Chancellor Gerhard Schröder has made it clear that Germany will suggest Günter Verheugen to be the country's one commissioner on the European Union's executive body.
"Günter Verheugen is one of the most respected commissioners in the current commission in Brussels," government spokesman Hans Langguth told reporters Monday in Berlin. "His work is praised everywhere there, and incidentally, it is also praised by the German opposition. The federal government will, as a matter of course, nominate Günter Verheugen for the office of German commissioner," he added.
Schröder stressed over the weekend that the one German in the European Commission should be responsible for economic policy. For some time, Germany, along with France and Britain, has championed creating the new position to coordinate all business and economic issues within the Commission. The officeholder would also be vice president of the body.
Germany's conservative opposition has backed Schröder in pushing for a commissioner for economics, but its politicians remain skeptical about Verheugen, a Social Democrat like Schröder, filling the position. "From my point of view, it's inappropriate now to make this decision so quickly because it ultimately hampers us in the search for a suitable candidate," Christian Democratic party (CDU) leader Angela Merkel commented.

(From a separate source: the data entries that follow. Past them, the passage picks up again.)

(* Let $G=(V,E)$ be a finite simple graph with $|V(G)|=n$ and let $k$ be a positive integer. Then $\gamma_{gr}^{Z,k}(G)\geq n-F_k(G)$.
   Context: For a vertex $v$, $N(v)$ is its open neighborhood and $N[v]=N(v)\cup\{v\}$. A sequence $S=(v_1,\ldots,v_m)$ of distinct vertices is a $k$-$Z$-sequence if for each $i\in[m]$ there is a vertex $u_i\in N(v_i)$ such that the number of indices $j<i$ with $u_i\in N[v_j]$ is less than $k$; $\gamma_{gr}^{Z,k}(G)$ is the maximum length of a $k$-$Z$-sequence. $k$-forcing: initially a set $B$ of vertices is colored blue and the rest white; at each step, if a blue vertex has at most $k$ white neighbors (and at least one), all its white neighbors are colored blue. $B$ is a $k$-forcing set if repeated application eventually colors all vertices blue. $F_k(G)$ is the minimum size of a $k$-forcing set of $G$. *)

theory Defs
  imports Main
begin

definition simple_graph :: "'a set \<Rightarrow> ('a \<Rightarrow> 'a \<Rightarrow> bool) \<Rightarrow> bool" where
  "simple_graph V E \<longleftrightarrow> finite V \<and> (\<forall>u v. E u v \<longrightarrow> u \<in> V \<and> v \<in> V)
     \<and> (\<forall>u v. E u v \<longrightarrow> E v u) \<and> (\<forall>v. \<not> E v v)"

definition open_nbhd :: "'a set \<Rightarrow> ('a \<Rightarrow> 'a \<Rightarrow> bool) \<Rightarrow> 'a \<Rightarrow> 'a set" where
  "open_nbhd V E v = {u \<in> V. E v u}"

definition closed_nbhd :: "'a set \<Rightarrow> ('a \<Rightarrow> 'a \<Rightarrow> bool) \<Rightarrow> 'a \<Rightarrow> 'a set" where
  "closed_nbhd V E v = insert v (open_nbhd V E v)"

definition kZ_sequence :: "'a set \<Rightarrow> ('a \<Rightarrow> 'a \<Rightarrow> bool) \<Rightarrow> nat \<Rightarrow> 'a list \<Rightarrow> bool" where
  "kZ_sequence V E k S \<longleftrightarrow> distinct S \<and> set S \<subseteq> V \<and>
     (\<forall>i < length S. \<exists>u \<in> open_nbhd V E (S ! i).
        card {j. j < i \<and> u \<in> closed_nbhd V E (S ! j)} < k)"

definition gamma_grZ :: "'a set \<Rightarrow> ('a \<Rightarrow> 'a \<Rightarrow> bool) \<Rightarrow> nat \<Rightarrow> nat" where
  "gamma_grZ V E k = Max {length S | S. kZ_sequence V E k S}"

definition kforce_step :: "'a set \<Rightarrow> ('a \<Rightarrow> 'a \<Rightarrow> bool) \<Rightarrow> nat \<Rightarrow> 'a set \<Rightarrow> 'a set \<Rightarrow> bool" where
  "kforce_step V E k B B' \<longleftrightarrow> (\<exists>v \<in> B. 0 < card (open_nbhd V E v - B)
       \<and> card (open_nbhd V E v - B) \<le> k \<and> B' = B \<union> open_nbhd V E v)"

inductive kforce_reach :: "'a set \<Rightarrow> ('a \<Rightarrow> 'a \<Rightarrow> bool) \<Rightarrow> nat \<Rightarrow> 'a set \<Rightarrow> 'a set \<Rightarrow> bool"
  for V E k where
  refl: "kforce_reach V E k B B"
| step: "kforce_reach V E k B C \<Longrightarrow> kforce_step V E k C D \<Longrightarrow> kforce_reach V E k B D"

definition kforcing_set :: "'a set \<Rightarrow> ('a \<Rightarrow> 'a \<Rightarrow> bool) \<Rightarrow> nat \<Rightarrow> 'a set \<Rightarrow> bool" where
  "kforcing_set V E k B \<longleftrightarrow> B \<subseteq> V \<and> kforce_reach V E k B V"

definition forcing_number :: "'a set \<Rightarrow> ('a \<Rightarrow> 'a \<Rightarrow> bool) \<Rightarrow> nat \<Rightarrow> nat" where
  "forcing_number V E k = Min {card B | B. kforcing_set V E k B}"

end

theory Submission
  imports Defs
begin

text \<open>Reverse a k-forcing process that colours V from a k-forcing set B: list the vertices of
  V - B so that later forcing steps come first, the vertices of one step in any order.
  A vertex w forced by v has v as its neighbour, and N[v] was already blue at that step, so
  v lies in no closed neighbourhood of a vertex forced later; among the vertices listed before
  w it can only hit the fewer than k that were forced together with w. The result is a
  k-Z-sequence of length |V| - |B|.\<close>

definition Z_witness :: "'a set \<Rightarrow> ('a \<Rightarrow> 'a \<Rightarrow> bool) \<Rightarrow> nat \<Rightarrow> 'a list \<Rightarrow> nat \<Rightarrow> 'a \<Rightarrow> bool"
  where "Z_witness V E k S i u \<longleftrightarrow>
    u \<in> open_nbhd V E (S ! i) \<and> card {j. j < i \<and> u \<in> closed_nbhd V E (S ! j)} < k"

definition kZ_witnessed_within :: "'a set \<Rightarrow> ('a \<Rightarrow> 'a \<Rightarrow> bool) \<Rightarrow> nat \<Rightarrow> 'a set \<Rightarrow> 'a list \<Rightarrow> bool"
  where "kZ_witnessed_within V E k C S \<longleftrightarrow>
    (\<forall>i < length S. \<exists>u. Z_witness V E k S i u \<and> closed_nbhd V E u \<subseteq> C)"

lemma kZ_sequenceI:
  assumes "kZ_witnessed_within V E k V S" and "distinct S" and "set S \<subseteq> V"
  shows "kZ_sequence V E k S"
  using assms unfolding kZ_sequence_def kZ_witnessed_within_def Z_witness_def by blast

lemma simple_graph_finite: "simple_graph V E \<Longrightarrow> finite V"
  unfolding simple_graph_def by blast

lemma open_nbhd_subset: "open_nbhd V E v \<subseteq> V"
  unfolding open_nbhd_def by auto

lemma open_nbhd_sym:
  assumes "simple_graph V E"
  shows "u \<in> open_nbhd V E w \<longleftrightarrow> w \<in> open_nbhd V E u"
  using assms unfolding simple_graph_def open_nbhd_def by blast

lemma closed_nbhd_sym:
  assumes "simple_graph V E"
  shows "u \<in> closed_nbhd V E w \<longleftrightarrow> w \<in> closed_nbhd V E u"
  using open_nbhd_sym[OF assms] unfolding closed_nbhd_def by blast

lemma card_indices_less: "card {j. j < i \<and> P j} \<le> i"
  using card_mono[of "{..<i}" "{j. j < i \<and> P j}"] by auto

lemma card_indices_append_left:
  assumes "\<forall>x \<in> set xs. \<not> P x"
  shows "card {j. j < length xs + i \<and> P ((xs @ ys) ! j)} = card {j. j < i \<and> P (ys ! j)}"
proof -
  have "{j. j < length xs + i \<and> P ((xs @ ys) ! j)} = (+) (length xs) ` {j. j < i \<and> P (ys ! j)}"
  proof (intro set_eqI iffI)
    fix j assume j: "j \<in> {j. j < length xs + i \<and> P ((xs @ ys) ! j)}"
    then have "\<not> j < length xs" using assms by (auto simp: nth_append)
    with j show "j \<in> (+) (length xs) ` {j. j < i \<and> P (ys ! j)}"
      by (auto simp: nth_append image_iff intro!: exI[of _ "j - length xs"])
  qed (auto simp: nth_append)
  then show ?thesis by (simp add: card_image)
qed

text \<open>Vertices outside C cannot disturb the old witnesses, whose closed neighbourhoods lie in C.\<close>
lemma kZ_witnessed_within_prepend:
  assumes sg: "simple_graph V E" and ws: "set ws \<inter> C = {}"
    and S: "kZ_witnessed_within V E k C S" and CD: "C \<subseteq> D"
    and new: "\<forall>i < length ws. \<exists>u. Z_witness V E k (ws @ S) i u \<and> closed_nbhd V E u \<subseteq> D"
  shows "kZ_witnessed_within V E k D (ws @ S)"
  unfolding kZ_witnessed_within_def
proof (intro allI impI)
  fix i assume i: "i < length (ws @ S)"
  show "\<exists>u. Z_witness V E k (ws @ S) i u \<and> closed_nbhd V E u \<subseteq> D"
  proof (cases "i < length ws")
    case False
    then obtain i' where i': "i = length ws + i'" "i' < length S"
      using i by (intro that[of "i - length ws"]) auto
    with S obtain u where u: "Z_witness V E k S i' u" and uC: "closed_nbhd V E u \<subseteq> C"
      unfolding kZ_witnessed_within_def by blast
    have "\<forall>w \<in> set ws. u \<notin> closed_nbhd V E w"
      using ws uC closed_nbhd_sym[OF sg] by blast
    then have "card {j. j < i \<and> u \<in> closed_nbhd V E ((ws @ S) ! j)}
        = card {j. j < i' \<and> u \<in> closed_nbhd V E (S ! j)}"
      unfolding i'(1) by (rule card_indices_append_left)
    moreover have "(ws @ S) ! i = S ! i'"
      unfolding i'(1) by (rule nth_append_length_plus)
    ultimately show ?thesis
      using u uC CD unfolding Z_witness_def by (intro exI[of _ u]) auto
  qed (use new in blast)
qed

text \<open>The forcing vertex v witnesses each of the at most k vertices it forces.\<close>
lemma kZ_witnessed_within_forced:
  assumes sg: "simple_graph V E" and step: "kforce_step V E k C D"
    and ws: "set ws = D - C" "distinct ws" and S: "kZ_witnessed_within V E k C S"
  shows "kZ_witnessed_within V E k D (ws @ S)"
proof -
  from step obtain v where v: "v \<in> C" "card (open_nbhd V E v - C) \<le> k"
      and D: "D = C \<union> open_nbhd V E v"
    unfolding kforce_step_def by blast
  have vD: "closed_nbhd V E v \<subseteq> D"
    using v D unfolding closed_nbhd_def by blast
  have ws_nbhd: "set ws = open_nbhd V E v - C"
    using ws D by blast
  have "length ws \<le> k"
    using ws_nbhd v(2) distinct_card[OF ws(2)] by simp
  have "Z_witness V E k (ws @ S) i v" if i: "i < length ws" for i
  proof -
    have "(ws @ S) ! i \<in> open_nbhd V E v"
      using i ws_nbhd nth_mem[of i ws] by (auto simp: nth_append)
    then have "v \<in> open_nbhd V E ((ws @ S) ! i)"
      using open_nbhd_sym[OF sg] by blast
    moreover have "card {j. j < i \<and> v \<in> closed_nbhd V E ((ws @ S) ! j)} < k"
      using card_indices_less[of i "\<lambda>j. v \<in> closed_nbhd V E ((ws @ S) ! j)"] i
        \<open>length ws \<le> k\<close> by linarith
    ultimately show ?thesis unfolding Z_witness_def by blast
  qed
  then have "\<forall>i < length ws. \<exists>u. Z_witness V E k (ws @ S) i u \<and> closed_nbhd V E u \<subseteq> D"
    using vD by blast
  moreover have "set ws \<inter> C = {}" "C \<subseteq> D"
    using ws(1) D by auto
  ultimately show ?thesis
    using kZ_witnessed_within_prepend[OF sg _ S] by blast
qed

lemma kforce_reach_kZ_witnessed:
  assumes sg: "simple_graph V E"
  shows "kforce_reach V E k B C \<Longrightarrow>
    \<exists>S. distinct S \<and> set S = C - B \<and> B \<subseteq> C \<and> kZ_witnessed_within V E k C S"
proof (induction rule: kforce_reach.induct)
  case refl
  show ?case
    by (intro exI[of _ "[]"]) (simp add: kZ_witnessed_within_def)
next
  case (step B C D)
  then obtain S where S: "distinct S" "set S = C - B" "B \<subseteq> C" "kZ_witnessed_within V E k C S"
    by blast
  from step.hyps(2) obtain v where D: "D = C \<union> open_nbhd V E v"
    unfolding kforce_step_def by blast
  have "C \<subseteq> D"
    using D by blast
  have "D - C \<subseteq> V"
    using D open_nbhd_subset[of V E v] by blast
  then have "finite (D - C)"
    by (rule finite_subset) (rule simple_graph_finite[OF sg])
  then obtain ws where ws: "set ws = D - C" "distinct ws"
    using finite_distinct_list by blast
  show ?case
  proof (intro exI[of _ "ws @ S"] conjI)
    show "distinct (ws @ S)" "set (ws @ S) = D - B" "B \<subseteq> D"
      using ws S \<open>C \<subseteq> D\<close> by auto
    show "kZ_witnessed_within V E k D (ws @ S)"
      by (rule kZ_witnessed_within_forced[OF sg step.hyps(2) ws S(4)])
  qed
qed

lemma kforcing_set_kZ_sequence:
  assumes sg: "simple_graph V E" and B: "kforcing_set V E k B"
  shows "\<exists>S. kZ_sequence V E k S \<and> length S = card V - card B"
proof -
  have "B \<subseteq> V" "kforce_reach V E k B V"
    using B unfolding kforcing_set_def by auto
  then obtain S where S: "distinct S" "set S = V - B" "kZ_witnessed_within V E k V S"
    using kforce_reach_kZ_witnessed[OF sg] by blast
  have "kZ_sequence V E k S"
    using S by (intro kZ_sequenceI) auto
  moreover have "length S = card V - card B"
    using S \<open>B \<subseteq> V\<close> simple_graph_finite[OF sg]
    by (metis card_Diff_subset distinct_card finite_subset)
  ultimately show ?thesis by blast
qed

lemma forcing_number_attained:
  assumes "simple_graph V E"
  shows "\<exists>B. kforcing_set V E k B \<and> forcing_number V E k = card B"
proof -
  have "kforcing_set V E k V"
    unfolding kforcing_set_def by (auto intro: kforce_reach.refl)
  moreover have "{card B | B. kforcing_set V E k B} \<subseteq> {..card V}"
    using card_mono[OF simple_graph_finite[OF assms]] unfolding kforcing_set_def by auto
  then have "finite {card B | B. kforcing_set V E k B}"
    using finite_subset by blast
  ultimately have "forcing_number V E k \<in> {card B | B. kforcing_set V E k B}"
    unfolding forcing_number_def by (intro Min_in) auto
  then show ?thesis by blast
qed

lemma kZ_sequence_length_le_gamma_grZ:
  assumes "simple_graph V E" and "kZ_sequence V E k S"
  shows "length S \<le> gamma_grZ V E k"
proof -
  have "{length S | S. kZ_sequence V E k S} \<subseteq> {..card V}"
    using card_mono[OF simple_graph_finite[OF assms(1)]]
    unfolding kZ_sequence_def by (auto simp: distinct_card[symmetric])
  then have "finite {length S | S. kZ_sequence V E k S}"
    using finite_subset by blast
  then show ?thesis
    unfolding gamma_grZ_def using assms(2) by (intro Max_ge) auto
qed

theorem mainTheorem4:
  fixes V :: "'a set" and E :: "'a \<Rightarrow> 'a \<Rightarrow> bool" and k :: nat
  assumes "simple_graph V E" and "k \<ge> 1"
  shows "int (gamma_grZ V E k) \<ge> int (card V) - int (forcing_number V E k)"
proof -
  obtain B where B: "kforcing_set V E k B" "forcing_number V E k = card B"
    using forcing_number_attained[OF assms(1)] by blast
  then obtain S where "kZ_sequence V E k S" "length S = card V - card B"
    using kforcing_set_kZ_sequence[OF assms(1)] by blast
  then have "card V - forcing_number V E k \<le> gamma_grZ V E k"
    using B(2) kZ_sequence_length_le_gamma_grZ[OF assms(1)] by metis
  then show ?thesis by simp
qed

end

Merkel criticized that the CDU wasn't consulted before the decision to nominate Verheugen was made. She did acknowledge that Verheugen had built a solid reputation through his work since 1999 as the EU's commissioner for expansion, a job that effectively came to an end when 10 new member states joined the EU on June 1. But she said a proven specialist in business and economics should fill the new post. Other opposition politicians have mooted the name of Merkel's deputy, Friedrich Merz, the CDU's financial expert, for the post.
But government spokesman Langguth dismissed Merkel's comments, saying that they were merely motivated by partisan considerations. The fact is, the government isn't obliged to pay heed to the opposition's criticism, since it alone is responsible for nominating a German commission member. Each of the governments generally aims to suggest candidates that the other member states will be satisfied with, who the European Parliament must then confirm.
The new commission will start its work on November 1. Large countries, like Germany, which have so far fielded two commissioners for the body, will only fill one spot as the Commission will grow from 19 to 25 due to the recent EU enlargement.